___ DATA SUPPLIED
(* Let $n\ge 4$ and let $T$ be the one-column tableau with entries $i<j$ in $[n]$ (two rows), and suppose $T$ is a non-frozen prime tableau in $\mathrm{SSYT}(2,[n])$. Then $F_{2,n}(v_T)$ induces a split positroidal subdivision of the hypersimplex $\Delta(2,n)$, i.e. a positroidal subdivision with exactly two maximal cells.
   Context: $\mathrm{SSYT}(2,[n])$ denotes rectangular semistandard Young tableaux with $2$ rows and entries in $[n]$. A one-column tableau with entries $i<j$ is frozen if $\{i,j\}$ is a cyclic interval of $[n]$, i.e. $j=i+1$ or $(i,j)=(1,n)$; non-frozen means not frozen. Tableaux index the dual canonical basis of the Grassmannian coordinate ring $\mathbb{C}[\mathrm{Gr}(2,n)]$ (for a one-column tableau with entries $i<j$ the basis element is the Plücker coordinate $p_{ij}$); $T$ is prime if its basis element is not the product of the basis elements of two nontrivial tableaux. For $i\in[k-1]$, $j\in[n-k]$ (here $k=2$), the fundamental tableau $T_{i,j}$ is the one-column tableau with entries $[j,j+k]\setminus\{i+j\}$; every tableau is equivalent, modulo removing columns whose entries are consecutive integers, to a unique union of fundamental tableaux $\bigcup T_{i,j}^{\cup c_{i,j}}$, and $v_T=\sum c_{i,j}e_{i,j}\in\mathbb{R}^{(k-1)(n-k)}$. $F_{k,n}(y)=\sum_{J\in\binom{[n]}{k}}P_J(y)e^J$ (modulo the lineality space), where $P_J$ is the tropicalization of the Plücker coordinate $p_J$ of the Speyer–Williams web matrix, the $k\times n$ matrix parametrizing the positive Grassmannian by $(k-1)(n-k)$ positive variables, whose maximal minors are subtraction-free polynomials in these variables. The vector $(P_J(v_T))_J$ induces the regular subdivision of $\Delta(k,n)=\mathrm{conv}\{e_J: J\in\binom{[n]}{k}\}$ obtained by lifting $e_J$ to height $P_J(v_T)$ and projecting the lower faces; it is positroidal if all cells are matroid polytopes of positroids (matroids representable by real matrices with all maximal minors nonnegative). *)

theory Defs
  imports Complex_Main "HOL-Library.Multiset"
begin

text \<open>A two-row tableau is represented by the multisets of entries of its two rows
  (for a semistandard rectangular tableau the rows are weakly increasing, so the
  tableau is determined by these multisets). The union of tableaux is the union of
  the row contents (re-sorted), i.e. the sum of the multisets.\<close>

type_synonym tableau2 = "nat multiset \<times> nat multiset"

definition tab_union :: "tableau2 \<Rightarrow> tableau2 \<Rightarrow> tableau2" where
  "tab_union T U = (fst T + fst U, snd T + snd U)"

definition one_col :: "nat \<Rightarrow> nat \<Rightarrow> tableau2" where
  "one_col a b = ({#a#}, {#b#})"

text \<open>Frozen one-column tableau: the entries form a cyclic interval of [n].\<close>
definition frozen :: "nat \<Rightarrow> nat \<Rightarrow> nat \<Rightarrow> bool" where
  "frozen n a b \<longleftrightarrow> b = a + 1 \<or> (a = 1 \<and> b = n)"

definition consec_cols :: "nat multiset \<Rightarrow> tableau2" where
  "consec_cols D = (D, image_mset Suc D)"

definition tab_equiv :: "nat \<Rightarrow> tableau2 \<Rightarrow> tableau2 \<Rightarrow> bool" where
  "tab_equiv n T U \<longleftrightarrow> (\<exists>D D'. set_mset D \<subseteq> {1..n-1} \<and> set_mset D' \<subseteq> {1..n-1} \<and>
      tab_union T (consec_cols D) = tab_union U (consec_cols D'))"

text \<open>Fundamental tableau T_{1,j} for k = 2: entries [j, j+2] minus {j+1}.\<close>
definition fund_tab :: "nat \<Rightarrow> tableau2" where
  "fund_tab j = ({#j#}, {#j + 2#})"

definition fund_union :: "nat \<Rightarrow> (nat \<Rightarrow> nat) \<Rightarrow> tableau2" where
  "fund_union n c = ((\<Sum>j\<in>{1..n-2}. repeat_mset (c j) (fst (fund_tab j))),
                     (\<Sum>j\<in>{1..n-2}. repeat_mset (c j) (snd (fund_tab j))))"

text \<open>The vector v_T (coordinate j stands for e_{1,j}, j in [n-2]).\<close>
definition vT :: "nat \<Rightarrow> tableau2 \<Rightarrow> nat \<Rightarrow> real" where
  "vT n T = (\<lambda>j. real ((THE c. (\<forall>j. j \<notin> {1..n-2} \<longrightarrow> c j = 0) \<and>
                              tab_equiv n T (fund_union n c)) j))"

text \<open>Rows of the web matrix for k = 2, in the variables x_{1,1},...,x_{1,n-2}
  (x m stands for x_{1,m}): row 1 = (1, 0, -x1, -(x1+x2), ..., -(x1+...+x_{n-2})),
  row 2 = (0, 1, 1, ..., 1).\<close>
definition web_row1 :: "(nat \<Rightarrow> real) \<Rightarrow> nat \<Rightarrow> real" where
  "web_row1 x c = (if c = 1 then 1 else if c = 2 then 0 else - (\<Sum>m\<in>{1..c-2}. x m))"

definition web_row2 :: "(nat \<Rightarrow> real) \<Rightarrow> nat \<Rightarrow> real" where
  "web_row2 x c = (if c = 1 then 0 else 1)"

definition minor2 :: "(nat \<Rightarrow> real) \<Rightarrow> (nat \<Rightarrow> real) \<Rightarrow> nat set \<Rightarrow> real" where
  "minor2 r1 r2 J = r1 (Min J) * r2 (Max J) - r1 (Max J) * r2 (Min J)"

definition web_pl :: "nat set \<Rightarrow> (nat \<Rightarrow> real) \<Rightarrow> real" where
  "web_pl J x = minor2 (web_row1 x) (web_row2 x) J"

text \<open>Tropicalization of a subtraction-free polynomial f (valuation / min convention):
  Trop f (y) = lim_{s \<rightarrow> \<infinity>} - log f(exp(-s y)) / s  ( = min over monomials).\<close>
definition trop :: "((nat \<Rightarrow> real) \<Rightarrow> real) \<Rightarrow> (nat \<Rightarrow> real) \<Rightarrow> real" where
  "trop f y = Lim at_top (\<lambda>s. - ln (f (\<lambda>m. exp (- s * y m))) / s)"
lemma index_mat_adjoint [simp]:
  "i < dim_col A \<Longrightarrow> j < dim_row A \<Longrightarrow> mat_adjoint A $$ (i, j) = conjugate (A $$ (j, i))"
  by (simp add: mat_adjoint_def mat_of_rows_index)

lemma mat_adjoint_carrier_mat [simp]: "A \<in> carrier_mat m p \<Longrightarrow> mat_adjoint A \<in> carrier_mat p m"
  by auto

lemma mat_adjoint_mult:
  fixes A :: "'a::conjugatable_field mat"
  assumes "A \<in> carrier_mat m k" "B \<in> carrier_mat k p"
  shows "mat_adjoint (A * B) = mat_adjoint B * mat_adjoint A"
  using assms by (intro eq_matI)
    (auto simp: scalar_prod_def sum_conjugate conjugate_dist_mul mult.commute)

lemma mat_adjoint_minus:
  fixes A :: "'a::conjugatable_field mat"
  assumes "A \<in> carrier_mat m p" "B \<in> carrier_mat m p"
  shows "mat_adjoint (A - B) = mat_adjoint A - mat_adjoint B"
  using assms by (intro eq_matI) (auto simp: conjugate_diff)

lemma mat_adjoint_smult:
  fixes A :: "'a::conjugatable_field mat"
  shows "mat_adjoint (c \<cdot>\<^sub>m A) = conjugate c \<cdot>\<^sub>m mat_adjoint A"
  by (intro eq_matI) (auto simp: conjugate_dist_mul)

lemma mat_adjoint_one [simp]: "mat_adjoint (1\<^sub>m n :: 'a::conjugatable_field mat) = 1\<^sub>m n"
  by (intro eq_matI) auto

lemma mat_adjoint_kron:
  fixes A :: "'a::conjugatable_field mat"
  assumes A: "A \<in> carrier_mat a b" and B: "B \<in> carrier_mat c d"
  shows "mat_adjoint (kron A B) = kron (mat_adjoint A) (mat_adjoint B)"
proof (rule mat_eq_blockI)
  fix i1 i2 j1 j2 assume ij: "i1 < b" "i2 < d" "j1 < a" "j2 < c"
  then have "i1 * d + i2 < b * d" "j1 * c + j2 < a * c"
    by (simp_all add: mult_add_less_mult_nat)
  with ij show "mat_adjoint (kron A B) $$ (i1 * d + i2, j1 * c + j2) =
      kron (mat_adjoint A) (mat_adjoint B) $$ (i1 * d + i2, j1 * c + j2)"
    using A B by (simp add: index_kron[OF A B] index_kron[OF mat_adjoint_carrier_mat[OF A]
        mat_adjoint_carrier_mat[OF B]] conjugate_dist_mul)
qed (use assms in auto)

lemma mat_trace_adjoint_mult_self:
  "Y \<in> carrier_mat m p \<Longrightarrow>
    mat_trace (mat_adjoint Y * Y) = (\<Sum>i<p. \<Sum>j<m. conjugate (Y $$ (j, i)) * Y $$ (j, i))"
  by (simp add: mat_trace_def scalar_prod_def lessThan_atLeast0)

lemma conjugate_mult_self_nonneg: "0 \<le> conjugate x * (x :: 'a::conjugatable_ordered_field)"
  by (metis conjugate_square_positive mult.commute)

lemma mat_trace_adjoint_mult_self_eq_0_iff:
  fixes Y :: "'a::conjugatable_ordered_field mat"
  assumes "Y \<in> carrier_mat m p"
  shows "mat_trace (mat_adjoint Y * Y) = 0 \<longleftrightarrow> Y = 0\<^sub>m m p"
proof -
  have "mat_trace (mat_adjoint Y * Y) = 0 \<longleftrightarrow> (\<forall>i<p. \<forall>j<m. Y $$ (j, i) = 0)"
    unfolding mat_trace_adjoint_mult_self[OF assms]
    by (auto simp: sum_nonneg_eq_0_iff sum_nonneg conjugate_mult_self_nonneg)
  also have "\<dots> \<longleftrightarrow> Y = 0\<^sub>m m p"
    using assms by (auto simp: mat_eq_iff)
  finally show ?thesis .
qed

lemma mat_trace_adjoint_mult_self_pos:
  fixes Y :: "'a::conjugatable_ordered_field mat"
  assumes "Y \<in> carrier_mat m p" "Y \<noteq> 0\<^sub>m m p"
  shows "0 < mat_trace (mat_adjoint Y * Y)"
proof -
  have "0 \<le> mat_trace (mat_adjoint Y * Y)"
    unfolding mat_trace_adjoint_mult_self[OF assms(1)]
    by (intro sum_nonneg conjugate_mult_self_nonneg)
  then show ?thesis
    using mat_trace_adjoint_mult_self_eq_0_iff[OF assms(1)] assms(2) by (simp add: order_less_le)
qed

context vec_space
begin

lemma maximal_indpt_subset_spans:
  assumes T: "T \<subseteq> carrier_vec n" and max: "maximal S (\<lambda>U. U \<subseteq> T \<and> lin_indpt U)"
  shows "T \<subseteq> span S"
proof
  fix v assume v: "v \<in> T"
  have ST: "S \<subseteq> T" and S: "S \<subseteq> carrier_vec n" and indpt: "lin_indpt S"
    using max T unfolding maximal_def by auto
  show "v \<in> span S"
  proof (cases "v \<in> S")
    case True
    then show ?thesis using span_mem[OF S] by simp
  next
    case False
    then have "\<not> lin_indpt (S \<union> {v})"
      using max v ST unfolding maximal_def by blast
    then show ?thesis using lin_dep_iff_in_span[OF S indpt _ False] v T by auto
  qed
qed
(* Let $d\ge2$ and $p\in[0,1]$. With systems $A'_1,A'_2,A_1,A_2,\tilde A,B$ (each $\mathbb{C}^d$), an arbitrary state $\rho_{\tilde AB}$, a POVM $\{M^{(i)}\}_{i=1}^K$ on $A_1A_2\tilde A$, unitaries $U^{(i,j)}_B$ ($j=1,2$), $\Omega=\psi^+_{A'_1A_1}\otimes\psi^+_{A'_2A_2}\otimes\rho_{\tilde AB}$, and $$F_j=\sum_{i=1}^{K}\operatorname{tr}\Big[\psi^+_{A'_jB}\,U^{(i,j)}_B\,\operatorname{tr}_{A_1A_2\tilde AA'_{\bar j}}\big[(M^{(i)}\otimes\mathbf 1)\,\Omega\big]\,U^{(i,j)\dagger}_B\Big]\quad(\bar j\ne j),$$ one has $$pF_1+(1-p)F_2\le\frac12\left(1+\sqrt{1+\frac{4(d^2-1)(p-1)p}{d^2}}\right).$$
   Context: $\psi^+_{XY}$ denotes the maximally entangled state $|\psi^+\rangle\langle\psi^+|$ with $|\psi^+\rangle=\frac1{\sqrt d}\sum_{i=0}^{d-1}|ii\rangle$. This is the asymmetric constrained-entanglement random access code with two $d$-dimensional inputs, where Bob is asked for input 1 with probability $p$ and input 2 with probability $1-p$; $pF_1+(1-p)F_2$ is the success probability. *)

theory Defs
  imports Complex_Main
begin

text \<open>Finite-dimensional operators are represented by their matrix entries with
respect to the computational basis: an operator on a system with basis labels
in the finite set I is a function X :: 'i => 'i => complex (only entries with
indices in I matter).\<close>

type_synonym 'i op = "'i \<Rightarrow> 'i \<Rightarrow> complex"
______
EXERCISE INSTRUCTIONS: Give exactly the lines from the one with "context vec_space" to the end of the entries, nothing before them.

PROBLEM SOLUTION:
context vec_space
begin

lemma maximal_indpt_subset_spans:
  assumes T: "T \<subseteq> carrier_vec n" and max: "maximal S (\<lambda>U. U \<subseteq> T \<and> lin_indpt U)"
  shows "T \<subseteq> span S"
proof
  fix v assume v: "v \<in> T"
  have ST: "S \<subseteq> T" and S: "S \<subseteq> carrier_vec n" and indpt: "lin_indpt S"
    using max T unfolding maximal_def by auto
  show "v \<in> span S"
  proof (cases "v \<in> S")
    case True
    then show ?thesis using span_mem[OF S] by simp
  next
    case False
    then have "\<not> lin_indpt (S \<union> {v})"
      using max v ST unfolding maximal_def by blast
    then show ?thesis using lin_dep_iff_in_span[OF S indpt _ False] v T by auto
  qed
qed
(* Let $d\ge2$ and $p\in[0,1]$. With systems $A'_1,A'_2,A_1,A_2,\tilde A,B$ (each $\mathbb{C}^d$), an arbitrary state $\rho_{\tilde AB}$, a POVM $\{M^{(i)}\}_{i=1}^K$ on $A_1A_2\tilde A$, unitaries $U^{(i,j)}_B$ ($j=1,2$), $\Omega=\psi^+_{A'_1A_1}\otimes\psi^+_{A'_2A_2}\otimes\rho_{\tilde AB}$, and $$F_j=\sum_{i=1}^{K}\operatorname{tr}\Big[\psi^+_{A'_jB}\,U^{(i,j)}_B\,\operatorname{tr}_{A_1A_2\tilde AA'_{\bar j}}\big[(M^{(i)}\otimes\mathbf 1)\,\Omega\big]\,U^{(i,j)\dagger}_B\Big]\quad(\bar j\ne j),$$ one has $$pF_1+(1-p)F_2\le\frac12\left(1+\sqrt{1+\frac{4(d^2-1)(p-1)p}{d^2}}\right).$$
   Context: $\psi^+_{XY}$ denotes the maximally entangled state $|\psi^+\rangle\langle\psi^+|$ with $|\psi^+\rangle=\frac1{\sqrt d}\sum_{i=0}^{d-1}|ii\rangle$. This is the asymmetric constrained-entanglement random access code with two $d$-dimensional inputs, where Bob is asked for input 1 with probability $p$ and input 2 with probability $1-p$; $pF_1+(1-p)F_2$ is the success probability. *)

theory Defs
  imports Complex_Main
begin

text \<open>Finite-dimensional operators are represented by their matrix entries with
respect to the computational basis: an operator on a system with basis labels
in the finite set I is a function X :: 'i => 'i => complex (only entries with
indices in I matter).\<close>

type_synonym 'i op = "'i \<Rightarrow> 'i \<Rightarrow> complex"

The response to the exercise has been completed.